Repeat precisely the span of lines below that opens with the line containing "using assms by (simp add: R.vec_mat_def" and closes with the line containing "j) a = \<zero>", both included.

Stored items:

-----

lemma koszul_syzygy:
  assumes "k < n" "\<forall>i<n. a i \<in> carrier R" "u \<in> carrier R"
  shows "lin_comb (Suc n) (case_nat (\<ominus> a k) (\<lambda>i. if k = i then u else \<zero>)) (case_nat u a) = \<zero>"
  using assms by (simp add: lin_comb_Suc_shift All_less_Suc2 lin_comb_single_left r_minus l_neg m_comm)

end

lemma (in ring_hom_cring) hom_lin_comb:
  assumes "\<forall>i<n. x i \<in> carrier R" "\<forall>i<n. a i \<in> carrier R"
  shows "h (R.lin_comb n x a) = S.lin_comb n (\<lambda>i. h (x i)) (\<lambda>i. h (a i))"
  using assms unfolding R.lin_comb_def S.lin_comb_def
  by (subst hom_finsum) (auto simp: Pi_def intro!: S.finsum_cong)

lemma (in ring_hom_cring) hom_vec_mat:
  assumes "\<forall>j<m. c j \<in> carrier R" "\<forall>j<m. M j k \<in> carrier R"
  shows "h (R.vec_mat m c M k) = S.vec_mat m (\<lambda>j. h (c j)) (\<lambda>j k. h (M j k)) k"
  using assms by (simp add: R.vec_mat_def S.vec_mat_def hom_lin_comb)

locale principal_quotient = cring +
  fixes u assumes u_carr: "u \<in> carrier R"
begin

sublocale Q: cring "R Quot PIdl u"
  by (rule ideal.quotient_is_cring[OF cgenideal_ideal[OF u_carr] is_cring])

sublocale p: ring_hom_cring R "R Quot PIdl u" "(+>) (PIdl u)"
  by (rule ideal.rcos_ring_hom_cring[OF cgenideal_ideal[OF u_carr] is_cring])

lemma quot_syzygies_lift:
  fixes n :: nat
  assumes a: "\<forall>i<n. a i \<in> carrier R" and "Q.syzygies_fg n (\<lambda>i. PIdl u +> a i)"
  obtains m S t where "\<forall>j<m. \<forall>i<n. S j i \<in> carrier R" "\<forall>j<m. t j \<in> carrier R"
    "\<forall>j<m. lin_comb n (S j) a = t j \<otimes> u"
    "\<And>x. \<forall>i<n. x i \<in> carrier (R Quot PIdl u) \<Longrightarrow>
      Q.lin_comb n x (\<lambda>i. PIdl u +> a i) = \<zero>\<^bsub>R Quot PIdl u\<^esub> \<Longrightarrow>
      x \<in> Q.lin_span n m (\<lambda>j i. PIdl u +> S j i)"
proof -
  obtain m sb where sb: "\<forall>j<m. \<forall>i<n. sb j i \<in> carrier (R Quot PIdl u)"
    and sb_syz: "\<forall>j<m. Q.lin_comb n (sb j) (\<lambda>i. PIdl u +> a i) = \<zero>\<^bsub>R Quot PIdl u\<^esub>"
    and sb_span: "\<And>x. \<forall>i<n. x i \<in> carrier (R Quot PIdl u) \<Longrightarrow>
      Q.lin_comb n x (\<lambda>i. PIdl u +> a i) = \<zero>\<^bsub>R Quot PIdl u\<^esub> \<Longrightarrow> x \<in> Q.lin_span n m sb"
    using Q.syzygies_fgE[OF \<open>Q.syzygies_fg n (\<lambda>i. PIdl u +> a i)\<close>] a by (metis p.hom_closed)
  have "\<forall>j<m. \<forall>i<n. \<exists>x\<in>carrier R. PIdl u +> x = sb j i"
    using sb quot_carrier_imp_rcos[OF cgenideal_ideal[OF u_carr]] by metis
  then obtain S where S: "\<forall>j<m. \<forall>i<n. S j i \<in> carrier R" and S_sb: "\<forall>j<m. \<forall>i<n. PIdl u +> S j i = sb j i"
    by metis
  have "\<exists>t\<in>carrier R. lin_comb n (S j) a = t \<otimes> u" if "j < m" for j
  proof -
    have "PIdl u +> lin_comb n (S j) a = Q.lin_comb n (sb j) (\<lambda>i. PIdl u +> a i)"
      using S S_sb sb a that by (simp add: p.hom_lin_comb) (rule Q.lin_comb_cong; simp)
    also have "\<dots> = PIdl u +> \<zero>"
      using sb_syz that by simp
    finally have "\<exists>t\<in>carrier R. lin_comb n (S j) a = \<zero> \<oplus> t \<otimes> u"
      using S a u_carr that by (subst (asm) rcos_cgenideal_eq_iff) (auto intro: lin_comb_closed)
    then show ?thesis
      using u_carr by auto
  qed
  then obtain t where "\<forall>j<m. t j \<in> carrier R" "\<forall>j<m. lin_comb n (S j) a = t j \<otimes> u"
    by metis
  moreover have "Q.lin_span n m sb = Q.lin_span n m (\<lambda>j i. PIdl u +> S j i)"
    using S S_sb sb by (intro Q.lin_span_cong) auto
  ultimately show thesis
    using that S sb_span by auto
qed

lemma cons_syzygy_tail_decomp:
  fixes n m :: nat
  assumes a: "\<forall>i<n. a i \<in> carrier R" and S: "\<forall>j<m. \<forall>i<n. S j i \<in> carrier R"
    and span: "\<And>x. \<forall>i<n. x i \<in> carrier (R Quot PIdl u) \<Longrightarrow>
        Q.lin_comb n x (\<lambda>i. PIdl u +> a i) = \<zero>\<^bsub>R Quot PIdl u\<^esub> \<Longrightarrow>
        x \<in> Q.lin_span n m (\<lambda>j i. PIdl u +> S j i)"
    and r: "syzygy R (Suc n) (case_nat u a) r"
  shows "\<exists>c w. (\<forall>j<m. c j \<in> carrier R) \<and> (\<forall>i<n. w i \<in> carrier R) \<and>
    (\<forall>i<n. r (Suc i) = vec_mat m c S i \<oplus> w i \<otimes> u)"
proof -
  have r_carr: "\<forall>i<Suc n. r i \<in> carrier R"
    using r by (simp add: syzygy_iff)
  have "lin_comb (Suc n) r (case_nat u a) = r 0 \<otimes> u \<oplus> lin_comb n (\<lambda>i. r (Suc i)) a"
    using r_carr a u_carr by (subst lin_comb_Suc_shift) (auto simp: All_less_Suc2)
  then have "lin_comb n (\<lambda>i. r (Suc i)) a = \<zero> \<oplus> (\<ominus> r 0) \<otimes> u"
    using r r_carr a u_carr by (simp add: syzygy_iff lin_comb_closed l_minus sum_zero_eq_neg a_comm)
  then have "PIdl u +> lin_comb n (\<lambda>i. r (Suc i)) a = PIdl u +> \<zero>"
    using r_carr a u_carr by (subst rcos_cgenideal_eq_iff) (auto intro!: lin_comb_closed)
  then have "Q.lin_comb n (\<lambda>i. PIdl u +> r (Suc i)) (\<lambda>i. PIdl u +> a i) = \<zero>\<^bsub>R Quot PIdl u\<^esub>"
    using r_carr a by (simp add: p.hom_lin_comb)
  then have "(\<lambda>i. PIdl u +> r (Suc i)) \<in> Q.lin_span n m (\<lambda>j i. PIdl u +> S j i)"
    using r_carr by (intro span) auto
  then obtain cb where cb: "\<forall>j<m. cb j \<in> carrier (R Quot PIdl u)"
    and r_cb: "\<forall>i<n. PIdl u +> r (Suc i) = Q.vec_mat m cb (\<lambda>j i. PIdl u +> S j i) i"
    unfolding Q.lin_span_def by blast
  have "\<forall>j<m. \<exists>x\<in>carrier R. PIdl u +> x = cb j"
    using cb quot_carrier_imp_rcos[OF cgenideal_ideal[OF u_carr]] by (metis (no_types))
  then obtain c where c: "\<forall>j<m. c j \<in> carrier R" "\<forall>j<m. PIdl u +> c j = cb j"
    by metis
  have "PIdl u +> r (Suc i) = PIdl u +> vec_mat m c S i" if "i < n" for i
  proof -
    have "PIdl u +> vec_mat m c S i = Q.vec_mat m cb (\<lambda>j i. PIdl u +> S j i) i"
      using c cb S that by (simp add: p.hom_vec_mat Q.vec_mat_def) (rule Q.lin_comb_cong; simp)
    then show ?thesis
      using r_cb that by simp
  qed
  then have "\<forall>i<n. \<exists>w\<in>carrier R. r (Suc i) = vec_mat m c S i \<oplus> w \<otimes> u"
    using r_carr c S u_carr by (auto simp: rcos_cgenideal_eq_iff vec_mat_closed)
  then obtain w where "\<forall>i<n. w i \<in> carrier R" "\<forall>i<n. r (Suc i) = vec_mat m c S i \<oplus> w i \<otimes> u"
    by metis
  then show ?thesis
    using c by blast
qed

end

context domain
begin

lemma cons_syzygy_eq_if_tail_eq:
  assumes u: "u \<in> carrier R" "u \<noteq> \<zero>" and a: "\<forall>i<n. a i \<in> carrier R"
    and x: "\<forall>i<Suc n. x i \<in> carrier R" and y: "\<forall>i<Suc n. y i \<in> carrier R"
    and eq: "lin_comb (Suc n) x (case_nat u a) = lin_comb (Suc n) y (case_nat u a)"
    and tail: "\<forall>i<n. x (Suc i) = y (Suc i)"
  shows "x 0 = y 0"
proof -
  have "lin_comb n (\<lambda>i. x (Suc i)) a = lin_comb n (\<lambda>i. y (Suc i)) a"
    using tail a y by (intro lin_comb_cong) auto
  then have "x 0 \<otimes> u = y 0 \<otimes> u"
    using eq u a x y by (simp add: lin_comb_Suc_shift All_less_Suc2 lin_comb_closed)
  then show ?thesis
    using u x y m_rcancel[of u "x 0" "y 0"] by auto
qed
lemma det_one_minus_kron_skew_ne_zero:
  fixes S K :: "real mat" and d :: "nat \<Rightarrow> real"
  assumes S: "S \<in> carrier_mat m m" and skew: "\<forall>l<m. \<forall>j<m. S $$ (l, j) = - S $$ (j, l)"
    and dpos: "\<forall>l<m. d l > 0" and K: "K \<in> carrier_mat n n"
    and diag: "\<exists>\<Lambda>. diagonal_mat \<Lambda> \<and> similar_mat (map_mat complex_of_real K) \<Lambda>"
    and real_spec: "\<forall>\<mu>. eigenvalue (map_mat complex_of_real K) \<mu> \<longrightarrow> \<mu> \<in> \<real>"
  shows "det (1\<^sub>m (m * n) - kron_mat (S * mat_diag m d) K) \<noteq> 0"
proof
  assume "det (1\<^sub>m (m * n) - kron_mat (S * mat_diag m d) K) = 0"
  define C where "C = map_mat complex_of_real (S * mat_diag m d)"
  define KC where "KC = map_mat complex_of_real K"
  have SD: "S * mat_diag m d \<in> carrier_mat m m" using S by simp
  have C: "C \<in> carrier_mat m m" and KC: "KC \<in> carrier_mat n n" unfolding C_def KC_def using SD K by auto
  have "det (1\<^sub>m (m * n) - kron_mat C KC) = of_real (det (1\<^sub>m (m * n) - kron_mat (S * mat_diag m d) K))"
    unfolding C_def KC_def of_real_one_minus_kron_mat[OF SD K, symmetric] by (rule of_real_hom.hom_det)
  hence "det (1\<^sub>m (m * n) - kron_mat C KC) = 0" using \<open>det _ = 0\<close> by simp
  then obtain v where v: "v \<in> carrier_vec (m * n)" and v0: "v \<noteq> 0\<^sub>v (m * n)"
    and "(1\<^sub>m (m * n) - kron_mat C KC) *\<^sub>v v = 0\<^sub>v (m * n)"
    using det_0_iff_vec_prod_zero_field[of _ "m * n"] kron_mat_carrierI[OF C KC]
    by (metis minus_carrier_mat)
  hence "1 \<cdot>\<^sub>v (v - kron_mat C KC *\<^sub>v v) = 0 \<cdot>\<^sub>v (kron_mat C KC *\<^sub>v v)"
    using v kron_mat_carrierI[OF C KC]
    by (auto simp: minus_mult_distrib_mat_vec[of _ "m * n" "m * n"] intro!: eq_vecI)
  moreover obtain L where dL: "diagonal_mat L" and sim: "similar_mat KC L" using diag unfolding KC_def by blast
  ultimately obtain k W where W0: "\<exists>l<m. W l \<noteq> 0" and evk: "eigenvalue KC (L $$ (k, k))"
    and eqW: "\<forall>l<m. 1 * (W l - L $$ (k, k) * (\<Sum>l'<m. C $$ (l, l') * W l'))
                   = 0 * (L $$ (k, k) * (\<Sum>l'<m. C $$ (l, l') * W l'))"
    using kron_mat_similar_diagonal_decouple[OF KC sim dL C C v v0] by blast
  define lam where "lam = Re (L $$ (k, k))"
  have L_eq: "L $$ (k, k) = of_real lam" using real_spec evk unfolding lam_def KC_def by simp
  have "\<forall>l<m. W l - of_real lam * (\<Sum>j<m. of_real (S $$ (l, j) * d j) * W j) = 0"
  proof (intro allI impI)
    fix l assume l: "l < m"
    hence "(\<Sum>l'<m. C $$ (l, l') * W l') = (\<Sum>j<m. of_real (S $$ (l, j) * d j) * W j)"
      unfolding C_def by (rule sum_of_real_mult_mat_diag[OF S])
    thus "W l - of_real lam * (\<Sum>j<m. of_real (S $$ (l, j) * d j) * W j) = 0"
      using eqW l unfolding L_eq by simp
  qed
  from skew_system_unique_complex[OF skew dpos this] W0 show False by blast
qed

lemma eigenvalue_skew_kron_left_inverse_ge_one:
  fixes m n :: nat and S K Pinv :: "real mat" and d :: "nat \<Rightarrow> real"
  defines "D \<equiv> mat_diag m d" and "J \<equiv> mat m m (\<lambda>_. 1 / 2)"
  assumes S: "S \<in> carrier_mat m m" and skew: "\<forall>l<m. \<forall>j<m. S $$ (l, j) = - S $$ (j, l)"
    and dpos: "\<forall>l<m. d l > 0" and K: "K \<in> carrier_mat n n"
    and diag: "\<exists>\<Lambda>. diagonal_mat \<Lambda> \<and> similar_mat (map_mat complex_of_real K) \<Lambda>"
    and spec: "\<forall>\<mu>. eigenvalue (map_mat complex_of_real K) \<mu> \<longrightarrow> \<mu> \<in> \<real> \<and> Re \<mu> < 0"
    and Pinv: "Pinv \<in> carrier_mat (m * n) (m * n)"
    and inv: "Pinv * (1\<^sub>m (m * n) - kron_mat (S * D) K) = 1\<^sub>m (m * n)"
    and ev: "eigenvalue (map_mat complex_of_real (Pinv * (1\<^sub>m (m * n) - kron_mat ((S + J) * D) K))) \<mu>"
  shows "\<mu> \<in> \<real> \<and> 1 \<le> Re \<mu>"
proof -
  have SD: "S * D \<in> carrier_mat m m" unfolding D_def using S by simp
  have JD: "J * D \<in> carrier_mat m m"
    unfolding D_def J_def by (rule mult_carrier_mat[OF mat_carrier mat_diag_dim])
  have KC: "map_mat complex_of_real K \<in> carrier_mat n n" using K by simp
  have SDC: "map_mat complex_of_real (S * D) \<in> carrier_mat m m" using SD by simp
  have JDC: "map_mat complex_of_real (J * D) \<in> carrier_mat m m" using JD by simp
  have "(S + J) * D = S * D + J * D"
    unfolding D_def J_def by (rule add_mult_distrib_mat[OF S mat_carrier mat_diag_dim])
  hence "eigenvalue (map_mat complex_of_real
      (Pinv * ((1\<^sub>m (m * n) - kron_mat (S * D) K) - kron_mat (J * D) K))) \<mu>"
    using ev one_minus_kron_mat_add_left[OF SD JD K] by simp
  hence "eigenvalue (map_mat complex_of_real Pinv * ((1\<^sub>m (m * n)
      - kron_mat (map_mat of_real (S * D)) (map_mat of_real K))
      - kron_mat (map_mat of_real (J * D)) (map_mat of_real K))) \<mu>"
    unfolding of_real_left_inverse_one_minus_kron(2)[OF SD JD K Pinv inv] .
  from eigenvector_left_inverse_one_minus_kron[OF SDC JDC KC _ _ this] Pinv
    of_real_left_inverse_one_minus_kron(1)[OF SD JD K Pinv inv]
  obtain v where v: "v \<in> carrier_vec (m * n)" and v0: "v \<noteq> 0\<^sub>v (m * n)"
    and eq: "(1 - \<mu>) \<cdot>\<^sub>v (v - kron_mat (map_mat of_real (S * D)) (map_mat of_real K) *\<^sub>v v)
       = kron_mat (map_mat of_real (J * D)) (map_mat of_real K) *\<^sub>v v"
    by auto
  obtain L where dL: "diagonal_mat L" and sim: "similar_mat (map_mat complex_of_real K) L"
    using diag by blast
  obtain k W where W0: "\<exists>l<m. W l \<noteq> 0" and evk: "eigenvalue (map_mat complex_of_real K) (L $$ (k, k))"
    and eqW: "\<forall>l<m. (1 - \<mu>) * (W l - L $$ (k, k) * (\<Sum>l'<m. map_mat of_real (S * D) $$ (l, l') * W l'))
                   = 1 * (L $$ (k, k) * (\<Sum>l'<m. map_mat of_real (J * D) $$ (l, l') * W l'))"
    using kron_mat_similar_diagonal_decouple[OF KC sim dL SDC JDC v v0, of "1 - \<mu>" 1] eq by auto
  define lam where "lam = Re (L $$ (k, k))"
  have lam: "lam < 0" and L_eq: "L $$ (k, k) = of_real lam"
    using spec evk unfolding lam_def by auto
  have "\<forall>l<m. (1 - \<mu>) * (W l - of_real lam * (\<Sum>j<m. of_real (S $$ (l, j) * d j) * W j))
                = of_real (lam / 2) * (\<Sum>j<m. of_real (d j) * W j)"
  proof (intro allI impI)
    fix l assume l: "l < m"
    have SD_sum: "(\<Sum>l'<m. map_mat of_real (S * D) $$ (l, l') * W l') = (\<Sum>j<m. of_real (S $$ (l, j) * d j) * W j)"
      using l unfolding D_def by (rule sum_of_real_mult_mat_diag[OF S])
    have "(\<Sum>l'<m. map_mat of_real (J * D) $$ (l, l') * W l')
        = (\<Sum>j<m. of_real (mat m m (\<lambda>_. 1 / 2) $$ (l, j) * d j) * W j)"
      unfolding D_def J_def by (rule sum_of_real_mult_mat_diag[OF mat_carrier l])
    also have "\<dots> = of_real (1 / 2) * (\<Sum>j<m. of_real (d j) * W j)"
      unfolding sum_distrib_left using l by (intro sum.cong refl) auto
    finally have JD_sum: "(\<Sum>l'<m. map_mat of_real (J * D) $$ (l, l') * W l')
        = of_real (1 / 2) * (\<Sum>j<m. of_real (d j) * W j)" .
    have "(1 - \<mu>) * (W l - of_real lam * (\<Sum>l'<m. map_mat of_real (S * D) $$ (l, l') * W l'))
        = of_real lam * (\<Sum>l'<m. map_mat of_real (J * D) $$ (l, l') * W l')"
      using eqW l unfolding L_eq by simp
    thus "(1 - \<mu>) * (W l - of_real lam * (\<Sum>j<m. of_real (S $$ (l, j) * d j) * W j))
                = of_real (lam / 2) * (\<Sum>j<m. of_real (d j) * W j)"
      unfolding SD_sum JD_sum by simp
  qed
  thus ?thesis by (rule skew_pencil_eigenvalue_ge_one[OF skew dpos lam W0])
qed

theorem skew_kron_preconditioned_spectrum:
  fixes m n :: nat and S K :: "real mat" and d :: "nat \<Rightarrow> real"
  defines "P \<equiv> 1\<^sub>m (m * n) - kron_mat (S * mat_diag m d) K"
    and "A \<equiv> 1\<^sub>m (m * n) - kron_mat ((S + mat m m (\<lambda>_. 1 / 2)) * mat_diag m d) K"
  assumes m: "0 < m" and S: "S \<in> carrier_mat m m" and skew: "\<forall>l<m. \<forall>j<m. S $$ (l, j) = - S $$ (j, l)"
    and dpos: "\<forall>l<m. d l > 0" and K: "K \<in> carrier_mat n n"
    and diag: "\<exists>\<Lambda>. diagonal_mat \<Lambda> \<and> similar_mat (map_mat complex_of_real K) \<Lambda>"
    and spec: "\<forall>\<mu>. eigenvalue (map_mat complex_of_real K) \<mu> \<longrightarrow> \<mu> \<in> \<real> \<and> Re \<mu> < 0"
  shows "invertible_mat P \<and>
    (\<forall>Pinv \<in> carrier_mat (m * n) (m * n). Pinv * P = 1\<^sub>m (m * n) \<longrightarrow>
       m * n - n \<le> order 1 (char_poly (Pinv * A)) \<and>
       (\<forall>\<mu>. eigenvalue (map_mat complex_of_real (Pinv * A)) \<mu> \<longrightarrow> \<mu> \<in> \<real> \<and> 1 \<le> Re \<mu>))"
proof -
  have "P \<in> carrier_mat (m * n) (m * n)"
    unfolding P_def using kron_mat_carrierI[OF mult_carrier_mat[OF S mat_diag_dim] K]
    by (rule minus_carrier_mat)
  moreover have "det P \<noteq> 0"
    unfolding P_def using det_one_minus_kron_skew_ne_zero[OF S skew dpos K diag] spec by blast
  ultimately have "invertible_mat P" by (rule invertible_mat_if_det_ne_zero)
  moreover have "m * n - n \<le> order 1 (char_poly (Pinv * A))"
    if "Pinv \<in> carrier_mat (m * n) (m * n)" and "Pinv * P = 1\<^sub>m (m * n)" for Pinv
    using that dpos m unfolding A_def P_def by (intro order_one_char_poly_ge_rank_one_kron[OF S K]) auto
  moreover have "\<mu> \<in> \<real> \<and> 1 \<le> Re \<mu>"
    if "Pinv \<in> carrier_mat (m * n) (m * n)" and "Pinv * P = 1\<^sub>m (m * n)"
      and "eigenvalue (map_mat complex_of_real (Pinv * A)) \<mu>" for Pinv \<mu>
    using that unfolding A_def P_def by (rule eigenvalue_skew_kron_left_inverse_ge_one[OF S skew dpos K diag spec])
  ultimately show ?thesis by blast
qed
(* Let $U$ be an infinite-dimensional vector space over a (not necessarily commutative) field $K$ and let $R:=\mathrm{End}_K(U)$. Then the projective line $\mathbb{P}(R)$ is connected and its diameter (with respect to the distant relation) is exactly $3$.
   Context: For a ring $R$ with $1$, a pair $(a,b)\in R^2$ is admissible if it is the first row of some invertible $2\times2$ matrix over $R$. The projective line $\mathbb{P}(R)$ is the set of all cyclic submodules $R(a,b)$ of the left $R$-module $R^2$ with $(a,b)$ admissible. Two points $R(a,b)$, $R(c,d)$ are distant iff $\begin{pmatrix}a&b\\c&d\end{pmatrix}$ is invertible. The distant graph has vertex set $\mathbb{P}(R)$ and edges the pairs of distant points; $\mathbb{P}(R)$ is connected if this graph is connected, the distance between two points is the least number of edges of a path joining them, and the diameter is the supremum of distances between points of $\mathbb{P}(R)$. *)

theory Defs
  imports "HOL-Algebra.Ring" "HOL-Library.Extended_Nat"
begin

definition left_vector_space :: "('k::division_ring \<Rightarrow> 'u::ab_group_add \<Rightarrow> 'u) \<Rightarrow> bool" where
  "left_vector_space sm \<longleftrightarrow>
     (\<forall>a x y. sm a (x + y) = sm a x + sm a y) \<and>
     (\<forall>a b x. sm (a + b) x = sm a x + sm b x) \<and>
     (\<forall>a b x. sm (a * b) x = sm a (sm b x)) \<and>
     (\<forall>x. sm 1 x = x)"

definition vs_span :: "('k::division_ring \<Rightarrow> 'u::ab_group_add \<Rightarrow> 'u) \<Rightarrow> 'u set \<Rightarrow> 'u set" where
  "vs_span sm S = {x. \<exists>T c. finite T \<and> T \<subseteq> S \<and> x = (\<Sum>v\<in>T. sm (c v) v)}"

definition finite_dimensional_vs :: "('k::division_ring \<Rightarrow> 'u::ab_group_add \<Rightarrow> 'u) \<Rightarrow> bool" where
  "finite_dimensional_vs sm \<longleftrightarrow> (\<exists>S. finite S \<and> vs_span sm S = UNIV)"

definition vs_linear :: "('k::division_ring \<Rightarrow> 'u::ab_group_add \<Rightarrow> 'u) \<Rightarrow> ('u \<Rightarrow> 'u) \<Rightarrow> bool" where
  "vs_linear sm f \<longleftrightarrow> (\<forall>x y. f (x + y) = f x + f y) \<and> (\<forall>a x. f (sm a x) = sm a (f x))"
lemma finite_measure_N: "finite_measure N"
  using admissible unfolding admissible_measure_def by blast

sublocale N: finite_measure N
  by (rule finite_measure_N)

lemma emeasure_N_Times_commute:
  "S \<in> sets M \<Longrightarrow> T \<in> sets M \<Longrightarrow> emeasure N (S \<times> T) = emeasure N (T \<times> S)"
  using admissible by (simp add: admissible_measure_def symmetric_measure_def)

lemma distr_swap: "distr N (M \<Otimes>\<^sub>M M) (\<lambda>p. (snd p, fst p)) = N"
proof (rule sym, rule measure_eqI_rectangles)
  show "sets N = sets (M \<Otimes>\<^sub>M M)" "sets (distr N (M \<Otimes>\<^sub>M M) (\<lambda>p. (snd p, fst p))) = sets (M \<Otimes>\<^sub>M M)"
    by (simp_all add: sets_N)
  show "finite_measure N" by (rule finite_measure_N)
  fix S T assume S: "S \<in> sets M" and T: "T \<in> sets M"
  have "(\<lambda>p. (snd p, fst p)) -` (S \<times> T) \<inter> space N = T \<times> S"
    using sets.sets_into_space[OF S] sets.sets_into_space[OF T] by (auto simp: space_N)
  then show "emeasure N (S \<times> T) = emeasure (distr N (M \<Otimes>\<^sub>M M) (\<lambda>p. (snd p, fst p))) (S \<times> T)"
    using S T by (simp add: emeasure_distr emeasure_N_Times_commute)
qed

lemma integral_swap:
  fixes F :: "'a \<times> 'a \<Rightarrow> real"
  assumes "F \<in> borel_measurable (M \<Otimes>\<^sub>M M)"
  shows "(\<integral>p. F (snd p, fst p) \<partial>N) = (\<integral>p. F p \<partial>N)"
  using integral_distr[of "\<lambda>p. (snd p, fst p)" N "M \<Otimes>\<^sub>M M" F] assms by (simp add: distr_swap)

-----

TASK OUTPUT:
  using assms by (simp add: R.vec_mat_def S.vec_mat_def hom_lin_comb)

locale principal_quotient = cring +
  fixes u assumes u_carr: "u \<in> carrier R"
begin

sublocale Q: cring "R Quot PIdl u"
  by (rule ideal.quotient_is_cring[OF cgenideal_ideal[OF u_carr] is_cring])

sublocale p: ring_hom_cring R "R Quot PIdl u" "(+>) (PIdl u)"
  by (rule ideal.rcos_ring_hom_cring[OF cgenideal_ideal[OF u_carr] is_cring])

lemma quot_syzygies_lift:
  fixes n :: nat
  assumes a: "\<forall>i<n. a i \<in> carrier R" and "Q.syzygies_fg n (\<lambda>i. PIdl u +> a i)"
  obtains m S t where "\<forall>j<m. \<forall>i<n. S j i \<in> carrier R" "\<forall>j<m. t j \<in> carrier R"
    "\<forall>j<m. lin_comb n (S j) a = t j \<otimes> u"
    "\<And>x. \<forall>i<n. x i \<in> carrier (R Quot PIdl u) \<Longrightarrow>
      Q.lin_comb n x (\<lambda>i. PIdl u +> a i) = \<zero>\<^bsub>R Quot PIdl u\<^esub> \<Longrightarrow>
      x \<in> Q.lin_span n m (\<lambda>j i. PIdl u +> S j i)"
proof -
  obtain m sb where sb: "\<forall>j<m. \<forall>i<n. sb j i \<in> carrier (R Quot PIdl u)"
    and sb_syz: "\<forall>j<m. Q.lin_comb n (sb j) (\<lambda>i. PIdl u +> a i) = \<zero>\<^bsub>R Quot PIdl u\<^esub>"
    and sb_span: "\<And>x. \<forall>i<n. x i \<in> carrier (R Quot PIdl u) \<Longrightarrow>
      Q.lin_comb n x (\<lambda>i. PIdl u +> a i) = \<zero>\<^bsub>R Quot PIdl u\<^esub> \<Longrightarrow> x \<in> Q.lin_span n m sb"
    using Q.syzygies_fgE[OF \<open>Q.syzygies_fg n (\<lambda>i. PIdl u +> a i)\<close>] a by (metis p.hom_closed)
  have "\<forall>j<m. \<forall>i<n. \<exists>x\<in>carrier R. PIdl u +> x = sb j i"
    using sb quot_carrier_imp_rcos[OF cgenideal_ideal[OF u_carr]] by metis
  then obtain S where S: "\<forall>j<m. \<forall>i<n. S j i \<in> carrier R" and S_sb: "\<forall>j<m. \<forall>i<n. PIdl u +> S j i = sb j i"
    by metis
  have "\<exists>t\<in>carrier R. lin_comb n (S j) a = t \<otimes> u" if "j < m" for j
  proof -
    have "PIdl u +> lin_comb n (S j) a = Q.lin_comb n (sb j) (\<lambda>i. PIdl u +> a i)"
      using S S_sb sb a that by (simp add: p.hom_lin_comb) (rule Q.lin_comb_cong; simp)
    also have "\<dots> = PIdl u +> \<zero>"
      using sb_syz that by simp
    finally have "\<exists>t\<in>carrier R. lin_comb n (S j) a = \<zero> \<oplus> t \<otimes> u"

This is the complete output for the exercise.